Saturday, March 24, 2007

yq: a stack for package transactions

yq is a little command line program I've been coding up over the past week to solve a specific problem I encounter quite regularly. Often I will install a program via yum to try it out, only to decide I don't like it. The problem occurs when the installed program brings in dependencies; if you want these removed along with the program, you'll need to remember all of them. So, my frequent testing of programs results in a lot of built-up cruft on my machine.

A solution to this problem are rollbacks. rpm does have built-in rollback support. I am not interested in saving all of the previously installed rpms on my disk when I install or upgrade something new, nor am I interested in saving each and every rpm transaction.

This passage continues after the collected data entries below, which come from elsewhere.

lemma card_wwl_vectors_add_le:
  "card (wwl_vectors q (B + n) k d) \<le> card (wwl_vectors q B k d) * card (wwl_vectors q n k d)"
proof -
  have "card (wwl_vectors q (B + n) k d) \<le> card (wwl_vectors q B k d \<times> wwl_vectors q n k d)"
  proof (rule card_inj_on_le)
    show "inj_on (\<lambda>a. (take B a, drop B a)) (wwl_vectors q (B + n) k d)"
      by (rule inj_onI) (metis append_take_drop_id prod.inject)
    show "(\<lambda>a. (take B a, drop B a)) ` wwl_vectors q (B + n) k d
            \<subseteq> wwl_vectors q B k d \<times> wwl_vectors q n k d"
      by (auto simp: wwl_vectors_def wwl_take wwl_drop dest: in_set_takeD in_set_dropD)
  qed (simp add: finite_wwl_vectors)
  then show ?thesis by (simp add: card_cartesian_product)
qed

lemma card_wwl_vectors_blocks_le:
  "card (wwl_vectors q (B * m + r) k d) \<le> card (wwl_vectors q B k d) ^ m * q ^ r"
proof (induction m)
  case 0
  have "card (wwl_vectors q r k d) \<le> card {a. set a \<subseteq> {..<q} \<and> length a = r}"
    by (intro card_mono finite_lists_length_eq finite_lessThan wwl_vectors_subset_lists)
  then show ?case by (simp add: card_lists_length_eq)
next
  case (Suc m)
  have "card (wwl_vectors q (B + (B * m + r)) k d)
          \<le> card (wwl_vectors q B k d) * card (wwl_vectors q (B * m + r) k d)"
    by (rule card_wwl_vectors_add_le)
  also have "\<dots> \<le> card (wwl_vectors q B k d) * (card (wwl_vectors q B k d) ^ m * q ^ r)"
    using Suc.IH by (rule mult_left_mono) simp
  finally show ?case by (simp add: algebra_simps)
qed

lemma hamming_weight_append: "hamming_weight (xs @ ys) = hamming_weight xs + hamming_weight ys"
  by (simp add: hamming_weight_def)

lemma hamming_weight_replicate_0: "hamming_weight (replicate n 0) = 0"
  by (simp add: hamming_weight_def)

yq leverages yum to perform transaction rollbacks and replays. Since the rpms you are dealing with are already in a yum repository, yq only records the names of these rpms.

The design for yq is influenced by patch management programs like quilt, which is where the stack comes into play. Transactions that you create can be pushed and popped onto/off of the stack, changing the state of your system.

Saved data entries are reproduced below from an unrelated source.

text \<open>Invertibility of the principal submatrix M_T (T a finite index set) and its inverse
  (as a function on T x T, zero outside).\<close>
definition is_inverse_on :: "nat set \<Rightarrow> (nat \<Rightarrow> nat \<Rightarrow> real) \<Rightarrow> (nat \<Rightarrow> nat \<Rightarrow> real) \<Rightarrow> bool" where
  "is_inverse_on T M G \<longleftrightarrow>
     (\<forall>j\<in>T. \<forall>l\<in>T. (\<Sum>m\<in>T. G j m * M m l) = (if j = l then 1 else 0)) \<and>
     (\<forall>j\<in>T. \<forall>l\<in>T. (\<Sum>m\<in>T. M j m * G m l) = (if j = l then 1 else 0)) \<and>
     (\<forall>j l. j \<notin> T \<or> l \<notin> T \<longrightarrow> G j l = 0)"

definition invertible_on :: "nat set \<Rightarrow> (nat \<Rightarrow> nat \<Rightarrow> real) \<Rightarrow> bool" where
  "invertible_on T M \<longleftrightarrow> (\<exists>G. is_inverse_on T M G)"

definition inv_on :: "nat set \<Rightarrow> (nat \<Rightarrow> nat \<Rightarrow> real) \<Rightarrow> nat \<Rightarrow> nat \<Rightarrow> real" where
  "inv_on T M = (THE G. is_inverse_on T M G)"

definition supp :: "nat \<Rightarrow> (nat \<Rightarrow> real) \<Rightarrow> nat set" where
  "supp p \<beta> = {j. j < p \<and> \<beta> j \<noteq> 0}"

definition nsupp :: "nat \<Rightarrow> (nat \<Rightarrow> real) \<Rightarrow> nat set" where
  "nsupp p \<beta> = {j. j < p \<and> \<beta> j = 0}"

definition gauss :: "nat \<Rightarrow> (nat \<Rightarrow> real) measure" where
  "gauss n = PiM {..<n} (\<lambda>_. density lborel std_normal_density)"

text \<open>(I - P_A) e, where P_A = F_A (F_A^T F_A)^{-1} F_A^T = n^{-1} F_A C_A^{-1} F_A^T.\<close>
definition resid :: "nat \<Rightarrow> (nat \<Rightarrow> nat \<Rightarrow> real) \<Rightarrow> nat set \<Rightarrow> (nat \<Rightarrow> real) \<Rightarrow> nat \<Rightarrow> real" where
  "resid n X A e i = e i - (\<Sum>a\<in>A. \<Sum>b\<in>A. Fmat n X i a * inv_on A (Cmat n X) a b *
        (\<Sum>i'<n. Fmat n X i' b * e i')) / real n"

definition uvec :: "nat \<Rightarrow> nat \<Rightarrow> (nat \<Rightarrow> nat \<Rightarrow> real) \<Rightarrow> real \<Rightarrow> (nat \<Rightarrow> real) \<Rightarrow> (nat \<Rightarrow> real) \<Rightarrow> nat \<Rightarrow> real" where
  "uvec n p X lam \<beta> e j =
     (let A = supp p \<beta>; z = (\<lambda>m. sgn (\<beta> m)); Ci = inv_on A (Cmat n X) in
      - (1 / sqrt (real n)) * z j * (\<Sum>m\<in>A. Ci j m * (\<Sum>i<n. Fmat n X i m * e i))
      + lam * sqrt (real n) * z j * (\<Sum>m\<in>A. Ci j m * z m))"

definition vvec :: "nat \<Rightarrow> nat \<Rightarrow> (nat \<Rightarrow> nat \<Rightarrow> real) \<Rightarrow> real \<Rightarrow> (nat \<Rightarrow> real) \<Rightarrow> (nat \<Rightarrow> real) \<Rightarrow> nat \<Rightarrow> real" where
  "vvec n p X lam \<beta> e j =
     (let A = supp p \<beta>; z = (\<lambda>m. sgn (\<beta> m)); Ci = inv_on A (Cmat n X) in
      (1 / sqrt (real n)) * (\<Sum>i<n. Fmat n X i j * resid n X A e i)
      + lam * sqrt (real n) * (\<Sum>m\<in>A. Cmat n X j m * (\<Sum>l\<in>A. Ci m l * z l)))"

definition phi :: "nat \<Rightarrow> nat \<Rightarrow> (nat \<Rightarrow> nat \<Rightarrow> real) \<Rightarrow> real \<Rightarrow> (nat \<Rightarrow> real) \<Rightarrow> real" where
  "phi n p X lam \<beta> = measure (gauss n)
     {e \<in> space (gauss n).
        (\<forall>j\<in>supp p \<beta>. uvec n p X lam \<beta> e j
              < sqrt (real n) * sgn (\<beta> j) * sqrt (Vdiag n X j) * \<beta> j) \<and>
        (\<forall>j\<in>nsupp p \<beta>. \<bar>vvec n p X lam \<beta> e j\<bar> \<le> lam * sqrt (real n))}"

definition signvecs :: "nat \<Rightarrow> (nat \<Rightarrow> real) \<Rightarrow> (nat \<Rightarrow> real) set" where
  "signvecs p \<beta> = {z. \<forall>j. (j \<in> supp p \<beta> \<longrightarrow> z j \<in> {-1, 1}) \<and> (j \<notin> supp p \<beta> \<longrightarrow> z j = 0)}"

text \<open>tilde Z beta: diagonal matrix with z_j on A and 1 on I, applied to beta.\<close>
definition signflip :: "nat \<Rightarrow> (nat \<Rightarrow> real) \<Rightarrow> (nat \<Rightarrow> real) \<Rightarrow> nat \<Rightarrow> real" where
  "signflip p \<beta> z j = (if j \<in> supp p \<beta> then z j else 1) * \<beta> j"

definition phi_pm :: "nat \<Rightarrow> nat \<Rightarrow> (nat \<Rightarrow> nat \<Rightarrow> real) \<Rightarrow> real \<Rightarrow> (nat \<Rightarrow> real) \<Rightarrow> real" where
  "phi_pm n p X lam \<beta> = (1 / 2 ^ card (supp p \<beta>)) *
      (\<Sum>z\<in>signvecs p \<beta>. phi n p X lam (signflip p \<beta> z))"

end

theory Submission imports Defs begin

text \<open>The noise e ~ N(0, I) is symmetric. Replacing \<beta> by -\<beta> flips the sign vector z, and
  then u(-\<beta>, e) = u(\<beta>, -e) and v(-\<beta>, e) = -v(\<beta>, -e), while the thresholds are even in \<beta>.
  So the sign-recovery event for -\<beta> is the reflection of the one for \<beta>, whence
  \<phi>(-\<beta>) = \<phi>(\<beta>). The sign vectors z and -z therefore contribute equally to the sign-averaged
  criterion, and the sum over Z_A is twice the sum over any set containing one vector of each antipodal pair.\<close>

lemma distr_uminus_std_normal:
  "distr (density lborel std_normal_density) lborel uminus = density lborel std_normal_density"
proof -
  have "distr lborel lborel (uminus :: real \<Rightarrow> real) = lborel"
    using lborel_distr_uminus by (metis distr_cong sets_lborel)
  moreover have "(\<lambda>x. ennreal (std_normal_density x)) \<circ> uminus = (\<lambda>x. ennreal (std_normal_density x))"
    by (auto simp: fun_eq_iff normal_density_def)
  moreover have "distr (density (distr lborel lborel uminus) std_normal_density) lborel uminus
      = density lborel ((\<lambda>x. ennreal (std_normal_density x)) \<circ> uminus)"
    by (rule distr_density_distr) auto
  ultimately show ?thesis by simp
qed

lemma reflect_measurable_gauss: "compose {..<n} uminus \<in> gauss n \<rightarrow>\<^sub>M gauss n"
  unfolding compose_def gauss_def by measurable

lemma reflect_reflect_gauss:
  "e \<in> space (gauss n) \<Longrightarrow> compose {..<n} uminus (compose {..<n} uminus e) = e"
  by (auto simp: compose_def gauss_def space_PiM fun_eq_iff PiE_def extensional_def)

lemma distr_reflect_gauss: "distr (gauss n) (gauss n) (compose {..<n} uminus) = gauss n"
proof -
  have "distr (density lborel std_normal_density) (density lborel std_normal_density) uminus
      = density lborel std_normal_density"
    using distr_uminus_std_normal by (metis distr_cong sets_density)
  moreover have "distr (gauss n) (gauss n) (compose {..<n} uminus)
      = PiM {..<n} (\<lambda>_. distr (density lborel std_normal_density) (density lborel std_normal_density) uminus)"
    unfolding gauss_def
    by (rule distr_PiM_finite_prob_space') (auto intro: prob_space_normal_density)
  ultimately show ?thesis by (simp add: gauss_def)
qed

text \<open>No measurability of S is required: a measure-preserving involution also maps
  non-measurable sets to non-measurable sets, on which measure is 0.\<close>
lemma measure_vimage_involution:
  assumes T: "T \<in> M \<rightarrow>\<^sub>M M" and TT: "\<And>x. x \<in> space M \<Longrightarrow> T (T x) = x"
    and distr: "distr M M T = M" and S: "S \<subseteq> space M"
  shows "measure M (T -` S \<inter> space M) = measure M S"
proof (cases "S \<in> sets M")
  case True
  then show ?thesis using measure_distr[OF T True] distr by simp
next
  case False
  have "T -` (T -` S \<inter> space M) \<inter> space M = S"
    using S TT measurable_space[OF T] by force
  then have "T -` S \<inter> space M \<notin> sets M"
    using False measurable_sets[OF T] by metis
  with False show ?thesis by (simp add: measure_notin_sets)
qed

definition sign_recovery_event ::
    "nat \<Rightarrow> nat \<Rightarrow> (nat \<Rightarrow> nat \<Rightarrow> real) \<Rightarrow> real \<Rightarrow> (nat \<Rightarrow> real) \<Rightarrow> (nat \<Rightarrow> real) set" where
  "sign_recovery_event n p X lam \<beta> = {e \<in> space (gauss n).
     (\<forall>j\<in>supp p \<beta>. uvec n p X lam \<beta> e j
        < sqrt (real n) * sgn (\<beta> j) * sqrt (Vdiag n X j) * \<beta> j) \<and>
     (\<forall>j\<in>nsupp p \<beta>. \<bar>vvec n p X lam \<beta> e j\<bar> \<le> lam * sqrt (real n))}"

lemma phi_eq_measure_sign_recovery_event:
  "phi n p X lam \<beta> = measure (gauss n) (sign_recovery_event n p X lam \<beta>)"
  by (simp add: phi_def sign_recovery_event_def)

lemma sum_mult_reflect:
  fixes f e :: "nat \<Rightarrow> real"
  shows "(\<Sum>i<n. f i * compose {..<n} uminus e i) = - (\<Sum>i<n. f i * e i)"
  by (simp add: compose_def flip: sum_negf)

lemma resid_reflect:
  "i < n \<Longrightarrow> resid n X A (compose {..<n} uminus e) i = - resid n X A e i"
  unfolding resid_def
  by (simp add: sum_mult_reflect compose_def sum_negf sum_divide_distrib[symmetric])

context
  fixes p :: nat and \<beta> \<beta>' :: "nat \<Rightarrow> real"
  assumes antipodal: "\<And>j. j < p \<Longrightarrow> \<beta>' j = - \<beta> j"
begin

lemma supp_antipodal: "supp p \<beta>' = supp p \<beta>"
  using antipodal by (auto simp: supp_def)

lemma nsupp_antipodal: "nsupp p \<beta>' = nsupp p \<beta>"
  using antipodal by (auto simp: nsupp_def)

lemma sum_sgn_antipodal:
  "(\<Sum>m\<in>supp p \<beta>. g m * sgn (\<beta>' m)) = - (\<Sum>m\<in>supp p \<beta>. g m * sgn (\<beta> m))"
  using antipodal by (simp add: supp_def sum_negf)

lemma uvec_antipodal:
  assumes "j \<in> supp p \<beta>"
  shows "uvec n p X lam \<beta>' e j = uvec n p X lam \<beta> (compose {..<n} uminus e) j"
proof -
  have "sgn (\<beta>' j) = - sgn (\<beta> j)"
    using assms antipodal by (simp add: supp_def)
  then show ?thesis
    unfolding uvec_def Let_def supp_antipodal
    by (simp add: sum_sgn_antipodal sum_mult_reflect sum_negf)
qed

lemma vvec_antipodal:
  "vvec n p X lam \<beta>' e j = - vvec n p X lam \<beta> (compose {..<n} uminus e) j"
proof -
  have "(\<Sum>i<n. F i * resid n X A (compose {..<n} uminus e) i) = - (\<Sum>i<n. F i * resid n X A e i)"
    for F A by (simp add: resid_reflect sum_negf)
  then show ?thesis
    unfolding vvec_def Let_def supp_antipodal sum_sgn_antipodal
    by (simp add: sum_negf algebra_simps)
qed

lemma sign_recovery_event_antipodal:
  "sign_recovery_event n p X lam \<beta>'
     = compose {..<n} uminus -` sign_recovery_event n p X lam \<beta> \<inter> space (gauss n)"
proof -
  have threshold: "c * sgn (\<beta>' j) * d * \<beta>' j = c * sgn (\<beta> j) * d * \<beta> j"
    if "j \<in> supp p \<beta>" for j c d
    using that antipodal by (simp add: supp_def)
  show ?thesis
    unfolding sign_recovery_event_def supp_antipodal nsupp_antipodal
    using measurable_space[OF reflect_measurable_gauss]
    by (auto simp: uvec_antipodal vvec_antipodal threshold simp del: mult_cancel_left)
qed

lemma phi_antipodal: "phi n p X lam \<beta>' = phi n p X lam \<beta>"
  unfolding phi_eq_measure_sign_recovery_event sign_recovery_event_antipodal
  by (rule measure_vimage_involution[OF reflect_measurable_gauss reflect_reflect_gauss
        distr_reflect_gauss]) (auto simp: sign_recovery_event_def)

end

lemma signflip_uminus: "j < p \<Longrightarrow> signflip p \<beta> (\<lambda>j. - z j) j = - signflip p \<beta> z j"
  by (simp add: signflip_def supp_def)

lemma sum_involution_transversal:
  fixes f :: "'a \<Rightarrow> 'b :: comm_semiring_1"
  assumes "finite T" "T \<subseteq> S"
    and \<iota>_S: "\<And>z. z \<in> S \<Longrightarrow> \<iota> z \<in> S" and \<iota>_\<iota>: "\<And>z. \<iota> (\<iota> z) = z"
    and transversal: "\<And>z. z \<in> S \<Longrightarrow> (z \<in> T) \<noteq> (\<iota> z \<in> T)"
    and f_\<iota>: "\<And>z. z \<in> S \<Longrightarrow> f (\<iota> z) = f z"
  shows "sum f S = 2 * sum f T"
proof -
  have S_split: "S = T \<union> \<iota> ` T"
    using assms(2) \<iota>_S transversal by (auto simp: image_iff) (metis \<iota>_\<iota>)
  have "T \<inter> \<iota> ` T = {}"
    using assms(2) transversal by auto
  then have "sum f S = sum f T + sum f (\<iota> ` T)"
    unfolding S_split using \<open>finite T\<close> by (simp add: sum.union_disjoint)
  also have "sum f (\<iota> ` T) = sum (f \<circ> \<iota>) T"
    by (rule sum.reindex) (metis inj_on_inverseI \<iota>_\<iota>)
  also have "\<dots> = sum f T"
    using assms(2) f_\<iota> by (auto intro: sum.cong)
  finally show ?thesis by (simp add: mult_2)
qed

You can download yq, or browse the sources via gitweb.


  1. Why not use "yum remove "? i.e. yum remove f-spot it will remove any dependencies that aren't needed by anything else. If they were brought in by f-spot, they will get removed.

  2. > If they were brought in by f-spot, they will get removed.

    No, they won't.

    Though this is another idea I've been kicking around; a plugin that will run down your dep tree when you remove something and pull out anything that's no longer required. I'm happy with yq for now, since this way I don't even have to remember the name of any package at all.